Below this sentence is a listing; return exactly its lines from the one with "proof (rule DERIV_nonpos_imp_le_initial[OF" to the one with "using c_pos V_nonneg[of", both kept, and nothing more.

■ MATERIALS PROVIDED:
......
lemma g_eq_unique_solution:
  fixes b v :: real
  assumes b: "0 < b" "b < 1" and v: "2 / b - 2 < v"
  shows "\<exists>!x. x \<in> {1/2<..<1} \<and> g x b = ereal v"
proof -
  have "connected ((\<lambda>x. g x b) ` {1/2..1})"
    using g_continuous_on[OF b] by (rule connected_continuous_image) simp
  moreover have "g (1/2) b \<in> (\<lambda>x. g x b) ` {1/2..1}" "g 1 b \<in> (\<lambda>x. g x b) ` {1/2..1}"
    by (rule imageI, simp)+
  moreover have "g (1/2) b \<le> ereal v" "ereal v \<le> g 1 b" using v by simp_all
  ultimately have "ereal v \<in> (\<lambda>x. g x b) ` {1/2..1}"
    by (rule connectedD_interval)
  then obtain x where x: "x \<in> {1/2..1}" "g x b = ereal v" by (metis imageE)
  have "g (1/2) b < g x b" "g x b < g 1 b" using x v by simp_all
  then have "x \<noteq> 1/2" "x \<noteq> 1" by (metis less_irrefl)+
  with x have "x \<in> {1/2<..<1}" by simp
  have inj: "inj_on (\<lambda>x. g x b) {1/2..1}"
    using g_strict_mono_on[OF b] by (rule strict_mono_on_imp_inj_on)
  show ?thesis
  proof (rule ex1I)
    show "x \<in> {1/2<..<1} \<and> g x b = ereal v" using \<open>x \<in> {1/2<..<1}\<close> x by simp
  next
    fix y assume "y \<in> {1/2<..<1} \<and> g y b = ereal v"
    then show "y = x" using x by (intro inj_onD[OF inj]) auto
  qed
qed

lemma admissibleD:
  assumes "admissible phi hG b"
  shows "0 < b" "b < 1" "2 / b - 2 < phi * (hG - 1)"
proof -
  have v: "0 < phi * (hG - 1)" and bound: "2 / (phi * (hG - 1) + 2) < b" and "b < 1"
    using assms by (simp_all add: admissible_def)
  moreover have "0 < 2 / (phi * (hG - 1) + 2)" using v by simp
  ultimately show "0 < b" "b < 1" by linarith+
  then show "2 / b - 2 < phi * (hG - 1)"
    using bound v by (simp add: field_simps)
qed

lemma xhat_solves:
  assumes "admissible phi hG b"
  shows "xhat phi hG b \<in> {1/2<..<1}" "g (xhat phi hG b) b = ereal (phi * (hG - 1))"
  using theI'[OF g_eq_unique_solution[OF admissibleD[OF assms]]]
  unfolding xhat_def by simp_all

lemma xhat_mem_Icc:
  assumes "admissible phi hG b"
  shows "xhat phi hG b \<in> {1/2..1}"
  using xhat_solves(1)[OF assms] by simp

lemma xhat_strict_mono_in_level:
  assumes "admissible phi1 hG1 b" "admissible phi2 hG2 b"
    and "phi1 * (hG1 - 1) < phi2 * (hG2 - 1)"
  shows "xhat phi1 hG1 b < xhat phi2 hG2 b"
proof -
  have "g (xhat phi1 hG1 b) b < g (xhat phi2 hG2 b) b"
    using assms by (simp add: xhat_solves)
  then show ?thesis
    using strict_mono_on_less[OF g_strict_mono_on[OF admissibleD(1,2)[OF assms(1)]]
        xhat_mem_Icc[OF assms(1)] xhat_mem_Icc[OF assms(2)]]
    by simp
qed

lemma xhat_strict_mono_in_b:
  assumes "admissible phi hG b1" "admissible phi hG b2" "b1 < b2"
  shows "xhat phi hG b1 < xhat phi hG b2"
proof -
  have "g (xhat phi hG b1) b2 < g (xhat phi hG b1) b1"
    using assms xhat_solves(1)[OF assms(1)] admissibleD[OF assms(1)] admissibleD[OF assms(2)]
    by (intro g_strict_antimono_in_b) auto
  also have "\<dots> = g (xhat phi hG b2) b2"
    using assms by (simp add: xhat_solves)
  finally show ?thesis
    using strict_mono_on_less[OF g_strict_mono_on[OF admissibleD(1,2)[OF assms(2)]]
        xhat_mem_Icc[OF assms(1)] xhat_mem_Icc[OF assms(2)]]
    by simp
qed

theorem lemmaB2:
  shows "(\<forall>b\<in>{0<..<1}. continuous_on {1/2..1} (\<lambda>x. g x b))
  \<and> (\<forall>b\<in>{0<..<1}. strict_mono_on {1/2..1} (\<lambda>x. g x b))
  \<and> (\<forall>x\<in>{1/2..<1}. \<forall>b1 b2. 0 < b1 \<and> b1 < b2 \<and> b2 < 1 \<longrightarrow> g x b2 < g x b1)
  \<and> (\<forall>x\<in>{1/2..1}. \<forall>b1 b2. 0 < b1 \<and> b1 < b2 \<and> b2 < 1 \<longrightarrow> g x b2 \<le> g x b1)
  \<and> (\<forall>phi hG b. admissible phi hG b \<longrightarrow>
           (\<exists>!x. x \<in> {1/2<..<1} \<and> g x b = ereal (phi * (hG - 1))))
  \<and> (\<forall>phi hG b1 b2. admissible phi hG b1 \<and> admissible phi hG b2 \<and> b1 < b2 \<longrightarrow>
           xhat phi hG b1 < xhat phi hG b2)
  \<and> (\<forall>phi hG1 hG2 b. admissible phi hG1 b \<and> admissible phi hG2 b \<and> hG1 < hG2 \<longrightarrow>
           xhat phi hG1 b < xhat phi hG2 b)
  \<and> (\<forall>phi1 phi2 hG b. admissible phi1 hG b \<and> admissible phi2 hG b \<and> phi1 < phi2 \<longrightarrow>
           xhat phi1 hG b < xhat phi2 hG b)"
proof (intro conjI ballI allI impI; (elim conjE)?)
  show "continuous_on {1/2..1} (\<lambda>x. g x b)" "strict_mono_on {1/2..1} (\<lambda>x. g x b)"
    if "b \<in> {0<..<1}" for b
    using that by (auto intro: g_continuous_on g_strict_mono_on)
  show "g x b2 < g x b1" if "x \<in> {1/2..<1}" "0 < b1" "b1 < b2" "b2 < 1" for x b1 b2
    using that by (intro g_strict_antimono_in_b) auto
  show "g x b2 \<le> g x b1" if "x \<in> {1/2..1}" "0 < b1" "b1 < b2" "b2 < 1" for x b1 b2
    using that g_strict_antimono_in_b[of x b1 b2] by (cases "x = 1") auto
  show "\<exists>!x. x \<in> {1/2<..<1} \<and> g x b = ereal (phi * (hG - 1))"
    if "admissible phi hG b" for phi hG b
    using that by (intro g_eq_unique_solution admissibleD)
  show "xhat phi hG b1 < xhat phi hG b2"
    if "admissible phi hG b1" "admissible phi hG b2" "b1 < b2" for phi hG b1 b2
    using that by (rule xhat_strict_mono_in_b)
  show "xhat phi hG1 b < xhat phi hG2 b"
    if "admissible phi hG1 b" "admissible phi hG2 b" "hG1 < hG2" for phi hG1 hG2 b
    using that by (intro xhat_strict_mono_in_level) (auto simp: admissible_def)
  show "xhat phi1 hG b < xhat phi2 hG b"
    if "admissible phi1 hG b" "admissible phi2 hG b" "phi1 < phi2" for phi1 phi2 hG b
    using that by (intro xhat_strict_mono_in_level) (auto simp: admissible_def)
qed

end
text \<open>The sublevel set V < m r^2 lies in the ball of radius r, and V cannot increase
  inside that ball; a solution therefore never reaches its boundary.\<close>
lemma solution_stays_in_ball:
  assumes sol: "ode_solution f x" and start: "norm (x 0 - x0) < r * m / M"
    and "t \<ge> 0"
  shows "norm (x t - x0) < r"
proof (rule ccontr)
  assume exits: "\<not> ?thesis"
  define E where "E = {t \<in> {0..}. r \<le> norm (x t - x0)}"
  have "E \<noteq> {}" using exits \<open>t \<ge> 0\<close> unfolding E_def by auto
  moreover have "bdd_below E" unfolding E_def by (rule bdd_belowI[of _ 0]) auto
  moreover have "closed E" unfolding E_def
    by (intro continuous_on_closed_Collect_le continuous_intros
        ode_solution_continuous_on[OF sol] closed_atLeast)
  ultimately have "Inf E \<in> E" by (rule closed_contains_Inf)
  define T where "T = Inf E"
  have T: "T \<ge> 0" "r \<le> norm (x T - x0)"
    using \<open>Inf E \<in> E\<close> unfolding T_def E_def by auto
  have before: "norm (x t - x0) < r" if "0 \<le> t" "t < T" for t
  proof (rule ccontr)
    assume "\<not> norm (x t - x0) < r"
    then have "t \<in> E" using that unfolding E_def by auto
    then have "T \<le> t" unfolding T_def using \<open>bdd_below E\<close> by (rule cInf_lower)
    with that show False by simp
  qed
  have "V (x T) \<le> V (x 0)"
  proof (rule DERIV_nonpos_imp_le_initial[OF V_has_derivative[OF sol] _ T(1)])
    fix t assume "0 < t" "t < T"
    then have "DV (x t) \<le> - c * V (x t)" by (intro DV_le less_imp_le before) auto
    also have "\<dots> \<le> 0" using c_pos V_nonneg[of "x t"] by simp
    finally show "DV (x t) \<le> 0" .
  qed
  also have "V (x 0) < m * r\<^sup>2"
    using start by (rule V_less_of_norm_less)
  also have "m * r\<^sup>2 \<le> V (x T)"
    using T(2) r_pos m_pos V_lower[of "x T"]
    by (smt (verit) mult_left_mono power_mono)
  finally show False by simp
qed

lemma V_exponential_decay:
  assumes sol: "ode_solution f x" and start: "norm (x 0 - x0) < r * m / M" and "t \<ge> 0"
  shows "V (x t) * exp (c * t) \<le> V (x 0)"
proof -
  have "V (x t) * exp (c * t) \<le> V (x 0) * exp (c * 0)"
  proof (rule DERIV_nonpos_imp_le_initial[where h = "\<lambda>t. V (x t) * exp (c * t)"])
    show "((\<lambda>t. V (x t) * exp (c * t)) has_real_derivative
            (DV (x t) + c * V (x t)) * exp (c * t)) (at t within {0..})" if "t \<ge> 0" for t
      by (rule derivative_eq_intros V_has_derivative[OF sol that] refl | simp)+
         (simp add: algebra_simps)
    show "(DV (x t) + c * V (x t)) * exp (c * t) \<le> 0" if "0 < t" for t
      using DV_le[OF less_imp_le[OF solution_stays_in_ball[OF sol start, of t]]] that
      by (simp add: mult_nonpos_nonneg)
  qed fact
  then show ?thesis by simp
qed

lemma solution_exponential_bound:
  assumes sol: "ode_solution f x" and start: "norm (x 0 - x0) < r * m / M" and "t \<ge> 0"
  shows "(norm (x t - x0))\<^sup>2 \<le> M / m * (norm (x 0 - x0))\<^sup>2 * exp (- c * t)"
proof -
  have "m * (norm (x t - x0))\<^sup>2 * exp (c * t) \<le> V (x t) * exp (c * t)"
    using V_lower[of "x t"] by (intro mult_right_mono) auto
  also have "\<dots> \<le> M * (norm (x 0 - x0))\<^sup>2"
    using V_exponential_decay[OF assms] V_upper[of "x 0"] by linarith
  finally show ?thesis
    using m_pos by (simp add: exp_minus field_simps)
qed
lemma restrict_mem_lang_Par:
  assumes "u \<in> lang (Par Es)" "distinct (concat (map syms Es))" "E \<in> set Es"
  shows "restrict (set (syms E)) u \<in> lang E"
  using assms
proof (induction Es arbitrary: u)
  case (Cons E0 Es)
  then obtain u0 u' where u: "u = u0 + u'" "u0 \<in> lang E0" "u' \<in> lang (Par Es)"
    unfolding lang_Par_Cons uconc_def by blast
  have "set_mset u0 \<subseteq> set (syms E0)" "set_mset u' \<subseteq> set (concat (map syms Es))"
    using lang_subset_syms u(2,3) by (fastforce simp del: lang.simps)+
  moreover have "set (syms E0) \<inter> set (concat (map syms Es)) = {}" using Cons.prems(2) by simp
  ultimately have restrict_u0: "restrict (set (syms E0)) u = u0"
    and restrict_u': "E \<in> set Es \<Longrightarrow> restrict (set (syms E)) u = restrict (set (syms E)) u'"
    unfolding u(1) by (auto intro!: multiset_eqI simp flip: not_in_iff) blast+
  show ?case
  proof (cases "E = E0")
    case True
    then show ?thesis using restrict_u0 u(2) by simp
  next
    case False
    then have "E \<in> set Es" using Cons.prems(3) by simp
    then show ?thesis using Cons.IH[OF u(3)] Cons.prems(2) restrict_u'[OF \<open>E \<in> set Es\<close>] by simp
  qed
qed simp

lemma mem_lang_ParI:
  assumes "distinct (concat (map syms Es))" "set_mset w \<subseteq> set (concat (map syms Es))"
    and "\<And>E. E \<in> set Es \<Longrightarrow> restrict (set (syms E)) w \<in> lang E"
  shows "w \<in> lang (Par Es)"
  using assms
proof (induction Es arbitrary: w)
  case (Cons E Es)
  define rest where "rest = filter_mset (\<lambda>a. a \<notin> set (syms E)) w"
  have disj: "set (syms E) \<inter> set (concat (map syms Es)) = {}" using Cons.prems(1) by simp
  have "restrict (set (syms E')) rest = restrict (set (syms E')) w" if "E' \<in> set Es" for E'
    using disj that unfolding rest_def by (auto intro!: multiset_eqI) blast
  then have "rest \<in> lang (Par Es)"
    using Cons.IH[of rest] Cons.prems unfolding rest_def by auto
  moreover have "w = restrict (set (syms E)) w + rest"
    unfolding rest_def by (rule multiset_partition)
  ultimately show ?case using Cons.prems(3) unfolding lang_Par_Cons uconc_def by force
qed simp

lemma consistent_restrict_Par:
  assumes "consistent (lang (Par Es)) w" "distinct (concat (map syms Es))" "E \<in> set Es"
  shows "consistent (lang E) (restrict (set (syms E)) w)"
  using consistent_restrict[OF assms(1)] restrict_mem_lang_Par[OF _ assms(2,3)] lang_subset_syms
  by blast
......
■ REPLY:
  proof (rule DERIV_nonpos_imp_le_initial[OF V_has_derivative[OF sol] _ T(1)])
    fix t assume "0 < t" "t < T"
    then have "DV (x t) \<le> - c * V (x t)" by (intro DV_le less_imp_le before) auto
    also have "\<dots> \<le> 0" using c_pos V_nonneg[of "x t"] by simp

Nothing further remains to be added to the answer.